lemma smul_add: "smul c (A + B) = smul c A + smul c B"
  unfolding smul_def plus_fun_def by (simp add: distrib_left)

lemma smul_diff: "smul c (A - B) = smul c A - smul c B"
  unfolding smul_def fun_diff_def by (simp add: right_diff_distrib)

lemma smul_uminus: "smul c (- B) = - smul c B"
  unfolding smul_def fun_Compl_def by simp

lemma smul_smul: "smul c (smul d A) = smul (c * d) A"
  unfolding smul_def by (simp add: mult.assoc)

lemma smul_add_coeff: "smul (c + d) A = smul c A + smul d A"
  unfolding smul_def plus_fun_def by (simp add: distrib_right)

lemma smul_diff_coeff: "smul (c - d) A = smul c A - smul d A"
  unfolding smul_def fun_diff_def by (simp add: left_diff_distrib)

lemma smul_zero [simp]: "smul c 0 = 0"
  unfolding smul_def zero_fun_def by simp

lemma smul_zero_coeff [simp]: "smul 0 A = 0"
  unfolding smul_def zero_fun_def by simp

lemma smul_apply: "smul c A a b = c * A a b"
  by (simp add: smul_def)

lemma smul_sum: "smul c (sum f S) = (\<Sum>i\<in>S. smul c (f i))"
  using sum_comp_morphism[of "smul c" f S] by (simp add: smul_add o_def)

lemma supported_opmul: "supported N A \<Longrightarrow> supported N B \<Longrightarrow> supported N (opmul N A B)"
  unfolding supported_def opmul_def by auto

lemma opmul_opid_right: "supported N A \<Longrightarrow> opmul N A (opid N) = A"
proof (intro ext)
  fix a b assume A: "supported N A"
  show "opmul N A (opid N) a b = A a b"
  proof (cases "b < 2^N")
    case True
    have "opmul N A (opid N) a b = (\<Sum>k<2^N. if k = b then A a k else 0)"
      unfolding opmul_def opid_def by (intro sum.cong) auto
    then show ?thesis using True by (simp add: sum.delta)
  next
    case False
    then show ?thesis using A unfolding supported_def opmul_def opid_def by auto
  qed
qed

lemma opmul_opid_left: "supported N A \<Longrightarrow> opmul N (opid N) A = A"
proof (intro ext)
  fix a b assume A: "supported N A"
  show "opmul N (opid N) A a b = A a b"
  proof (cases "a < 2^N")
    case True
    have "opmul N (opid N) A a b = (\<Sum>k<2^N. if a = k then A k b else 0)"
      unfolding opmul_def opid_def by (intro sum.cong) auto
    then show ?thesis using True by (simp add: sum.delta)
  next
    case False
    then show ?thesis using A unfolding supported_def opmul_def opid_def by auto
  qed
qed

lemma comm_add_left: "comm N (A + B) C = comm N A C + comm N B C"
  by (simp add: comm_def opmul_add_left opmul_add_right)

lemma comm_add_right: "comm N C (A + B) = comm N C A + comm N C B"
  by (simp add: comm_def opmul_add_left opmul_add_right)

lemma comm_diff_left: "comm N (A - B) C = comm N A C - comm N B C"
  by (simp add: comm_def opmul_diff_left opmul_diff_right)

lemma comm_diff_right: "comm N C (A - B) = comm N C A - comm N C B"
  by (simp add: comm_def opmul_diff_left opmul_diff_right)

lemma comm_uminus_left: "comm N (- A) C = - comm N A C"
  by (simp add: comm_def opmul_uminus_left opmul_uminus_right)

lemma comm_uminus_right: "comm N C (- A) = - comm N C A"
  by (simp add: comm_def opmul_uminus_left opmul_uminus_right)

lemma comm_smul_left: "comm N (smul c A) C = smul c (comm N A C)"
  by (simp add: comm_def opmul_smul_left opmul_smul_right smul_diff)

lemma comm_smul_right: "comm N C (smul c A) = smul c (comm N C A)"
  by (simp add: comm_def opmul_smul_left opmul_smul_right smul_diff)

lemma comm_zero_left [simp]: "comm N 0 C = 0"
  by (simp add: comm_def)

lemma comm_zero_right [simp]: "comm N C 0 = 0"
  by (simp add: comm_def)

lemma comm_sum_left: "comm N (sum f S) C = (\<Sum>i\<in>S. comm N (f i) C)"
  using sum_comp_morphism[of "\<lambda>X. comm N X C" f S] by (simp add: comm_add_left o_def)

lemma comm_sum_right: "comm N C (sum f S) = (\<Sum>i\<in>S. comm N C (f i))"
  using sum_comp_morphism[of "\<lambda>X. comm N C X" f S] by (simp add: comm_add_right o_def)

lemmas comm_linear = comm_add_left comm_add_right comm_diff_left comm_diff_right
  comm_uminus_left comm_uminus_right comm_smul_left comm_smul_right

lemma comm_opid_right: "supported N A \<Longrightarrow> comm N A (opid N) = 0"
  by (simp add: comm_def opmul_opid_left opmul_opid_right)

text \<open>Moving z and w through x y one factor at a time, each exchange costs an anticommutator.\<close>

lemma comm_bilinear_anticomm:
  assumes sx: "supported N x" and sy: "supported N y" and sw: "supported N w"
    and xz: "anticomm N x z = smul \<alpha> (opid N)" and yz: "anticomm N y z = smul \<beta> (opid N)"
    and xw: "anticomm N x w = smul \<gamma> (opid N)" and yw: "anticomm N y w = smul \<delta> (opid N)"
  shows "comm N (opmul N x y) (opmul N z w) =
     smul \<beta> (opmul N x w) - smul \<alpha> (opmul N y w) + smul \<delta> (opmul N z x) - smul \<gamma> (opmul N z y)"
proof -
  let ?M = "opmul N"
  have yz': "?M y z = smul \<beta> (opid N) - ?M z y" using yz by (simp add: anticomm_def eq_diff_eq)
  have xz': "?M x z = smul \<alpha> (opid N) - ?M z x" using xz by (simp add: anticomm_def eq_diff_eq)
  have yw': "?M y w = smul \<delta> (opid N) - ?M w y" using yw by (simp add: anticomm_def eq_diff_eq)
  have xw': "?M x w = smul \<gamma> (opid N) - ?M w x" using xw by (simp add: anticomm_def eq_diff_eq)
  have "?M (?M x y) (?M z w) = ?M x (?M (?M y z) w)"
    by (simp add: opmul_assoc)
  also have "\<dots> = smul \<beta> (?M x w) - ?M (?M x z) (?M y w)"
    unfolding yz' by (simp add: opmul_diff_left opmul_diff_right opmul_smul_left opmul_smul_right
        opmul_opid_left sw opmul_assoc)
  also have "?M (?M x z) (?M y w) = smul \<alpha> (?M y w) - ?M z (?M x (?M y w))"
    unfolding xz' by (simp add: opmul_diff_left opmul_smul_left opmul_opid_left supported_opmul sy sw opmul_assoc)
  also have "?M x (?M y w) = smul \<delta> x - ?M (?M x w) y"
    unfolding yw' by (simp add: opmul_diff_right opmul_smul_right opmul_opid_right sx opmul_assoc)
  also have "?M (?M x w) y = smul \<gamma> y - ?M w (?M x y)"
    unfolding xw' by (simp add: opmul_diff_left opmul_smul_left opmul_opid_left sy opmul_assoc)
  finally have "?M (?M x y) (?M z w) = smul \<beta> (?M x w) - (smul \<alpha> (?M y w) -
      ?M z (smul \<delta> x - (smul \<gamma> y - ?M w (?M x y))))" .
  also have "\<dots> = smul \<beta> (?M x w) - smul \<alpha> (?M y w) + smul \<delta> (?M z x) - smul \<gamma> (?M z y)
      + ?M (?M z w) (?M x y)"
    by (simp add: opmul_diff_right opmul_smul_right opmul_assoc)
  finally show ?thesis unfolding comm_def by simp
qed

section \<open>Jordan--Wigner fermions\<close>

definition ones_below :: "nat \<Rightarrow> nat \<Rightarrow> nat" where
  "ones_below b t = card {k. k < t \<and> bit b k}"

definition jw_sign :: "nat \<Rightarrow> nat \<Rightarrow> complex" where
  "jw_sign b t = (-1) ^ ones_below b t"

text \<open>Sites are counted from 0 here, so that site t is bit t of the basis index:
  fermion N True t is c^dagger_(t+1) and fermion N False t is c_(t+1).\<close>

definition fermion :: "nat \<Rightarrow> bool \<Rightarrow> nat \<Rightarrow> op" where
  "fermion N dag t = (if dag then cdag N (Suc t) else cann N (Suc t))"

lemma cdag_fermion: "cdag N (Suc t) = fermion N True t"
  by (simp add: fermion_def)

lemma cann_fermion: "cann N (Suc t) = fermion N False t"
  by (simp add: fermion_def)

lemma ones_below_Suc: "ones_below b (Suc t) = ones_below b t + (if bit b t then 1 else 0)"
proof -
  have "{k. k < Suc t \<and> bit b k} = {k. k < t \<and> bit b k} \<union> (if bit b t then {t} else {})"
    by (auto simp: less_Suc_eq)
  then show ?thesis unfolding ones_below_def by (auto simp: card_insert_if)
qed

lemma bit_at_Suc: "bit_at a (Suc k) = bit a k"
  by (simp add: bit_at_def bit_iff_odd)

lemma sum_sz_eq: "(\<Sum>k\<in>{1..<Suc t}. sz a k) = 2 * int (ones_below a t) - int t"
proof (induction t)
  case 0
  then show ?case by (simp add: ones_below_def)
next
  case (Suc t)
  have "{1..<Suc (Suc t)} = insert (Suc t) {1..<Suc t}" by auto
  then have "(\<Sum>k\<in>{1..<Suc (Suc t)}. sz a k) = sz a (Suc t) + (\<Sum>k\<in>{1..<Suc t}. sz a k)"
    by simp
  then show ?case using Suc by (simp add: sz_def bit_at_Suc ones_below_Suc)
qed

text \<open>The Jordan--Wigner string i^(j-1) i^(sz_1 + ... + sz_(j-1)) is i to twice the number of
  up spins below site j.\<close>

lemma cdag_phase: "\<i> powi (int (Suc t) - 1 + (\<Sum>k\<in>{1..<Suc t}. sz a k)) = jw_sign a t"
proof -
  have "int (Suc t) - 1 + (\<Sum>k\<in>{1..<Suc t}. sz a k) = int (2 * ones_below a t)"
    by (simp only: sum_sz_eq)
  then have "\<i> powi (int (Suc t) - 1 + (\<Sum>k\<in>{1..<Suc t}. sz a k)) = \<i> ^ (2 * ones_below a t)"
    by (simp only: power_int_of_nat)
  then show ?thesis by (simp add: jw_sign_def power_mult)
qed

lemma cann_phase: "\<i> powi (- int (Suc t) + 1 - (\<Sum>k\<in>{1..<Suc t}. sz a k)) = jw_sign a t"
proof -
  have "- int (Suc t) + 1 - (\<Sum>k\<in>{1..<Suc t}. sz a k) = - int (2 * ones_below a t)"
    by (simp only: sum_sz_eq)
  then have "\<i> powi (- int (Suc t) + 1 - (\<Sum>k\<in>{1..<Suc t}. sz a k)) = inverse (\<i> ^ (2 * ones_below a t))"
    by (simp only: power_int_of_nat power_int_minus)
  then show ?thesis by (simp add: jw_sign_def power_mult power_inverse[symmetric])
qed

lemma flip_bit_less_exp: "b < 2^N \<Longrightarrow> t < N \<Longrightarrow> flip_bit t (b::nat) < 2^N"
  by (metis bit_take_bit_iff take_bit_nat_eq_self_iff bit_flip_bit_iff bit_eqI)

lemma add_exp_eq_flip_bit: "\<not> bit (b::nat) t \<Longrightarrow> b + 2^t = flip_bit t b"
  by (simp add: flip_bit_eq_if set_bit_eq)

lemma flip_bit_flip_bit [simp]: "flip_bit t (flip_bit t (b::nat)) = b"
  by (rule bit_eqI) (auto simp: bit_simps)

lemma flip_bit_commute: "flip_bit s (flip_bit t (b::nat)) = flip_bit t (flip_bit s b)"
  by (rule bit_eqI) (auto simp: bit_simps)

lemma ones_below_flip_bit:
  "ones_below (flip_bit t b) s =
    (if t < s then (if bit b t then ones_below b s - 1 else Suc (ones_below b s)) else ones_below b s)"
proof -
  let ?S = "{k. k < s \<and> bit b k}"
  have "finite ?S" by simp
  consider "\<not> t < s" | "t < s" "bit b t" | "t < s" "\<not> bit b t" by blast
  then show ?thesis
  proof cases
    case 1
    then have "{k. k < s \<and> bit (flip_bit t b) k} = ?S" by (auto simp: bit_flip_bit_iff)
    with 1 show ?thesis by (simp add: ones_below_def)
  next
    case 2
    then have "{k. k < s \<and> bit (flip_bit t b) k} = ?S - {t}" by (auto simp: bit_flip_bit_iff)
    with 2 show ?thesis by (simp add: ones_below_def)
  next
    case 3
    then have "{k. k < s \<and> bit (flip_bit t b) k} = insert t ?S" by (auto simp: bit_flip_bit_iff)
    with 3 \<open>finite ?S\<close> show ?thesis by (simp add: ones_below_def)
  qed
qed

lemma jw_sign_flip_bit: "jw_sign (flip_bit t b) s = (if t < s then - jw_sign b s else jw_sign b s)"
proof (cases "t < s \<and> bit b t")
  case True
  then have "ones_below b s > 0"
    unfolding ones_below_def by (auto simp: card_gt_0_iff)
  then obtain c where c: "ones_below b s = Suc c" using gr0_conv_Suc by blast
  show ?thesis using True unfolding jw_sign_def ones_below_flip_bit by (simp add: c)
next
  case False
  then show ?thesis unfolding jw_sign_def ones_below_flip_bit by auto
qed

lemma jw_sign_square: "jw_sign b s * jw_sign b s = 1"
  unfolding jw_sign_def by (simp flip: power_add add: mult_2[symmetric])

lemma cdag_entry:
  assumes "t < N"
  shows "cdag N (Suc t) a b = (if b < 2^N \<and> \<not> bit b t \<and> a = flip_bit t b then jw_sign b t else 0)"
proof -
  have "cdag N (Suc t) a b =
      (if a < 2^N \<and> b < 2^N \<and> \<not> bit b t \<and> a = b + 2^t then jw_sign a t else 0)"
    unfolding cdag_def sigma_plus_def using cdag_phase[of t a] by (simp add: bit_at_Suc)
  then show ?thesis
    using assms by (auto simp: add_exp_eq_flip_bit flip_bit_less_exp jw_sign_flip_bit)
qed

lemma cann_entry:
  assumes "t < N"
  shows "cann N (Suc t) a b = (if a < 2^N \<and> \<not> bit a t \<and> b = flip_bit t a then jw_sign a t else 0)"
proof -
  have "cann N (Suc t) a b =
      (if b < 2^N \<and> a < 2^N \<and> \<not> bit a t \<and> b = a + 2^t then jw_sign a t else 0)"
    unfolding cann_def sigma_minus_def sigma_plus_def using cann_phase[of t a] by (simp add: bit_at_Suc)
  then show ?thesis
    using assms by (auto simp: add_exp_eq_flip_bit flip_bit_less_exp)
qed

Problem requirements:
All that is wanted is a faithful reproduction of the line above with "unfolding smul_def by", the line with "unfolding smul_def fun_diff_def by (simp add: left_diff_distrib)", and every line in between.

Task result:
  unfolding smul_def by (simp add: mult.assoc)

lemma smul_add_coeff: "smul (c + d) A = smul c A + smul d A"
  unfolding smul_def plus_fun_def by (simp add: distrib_right)

lemma smul_diff_coeff: "smul (c - d) A = smul c A - smul d A"
  unfolding smul_def fun_diff_def by (simp add: left_diff_distrib)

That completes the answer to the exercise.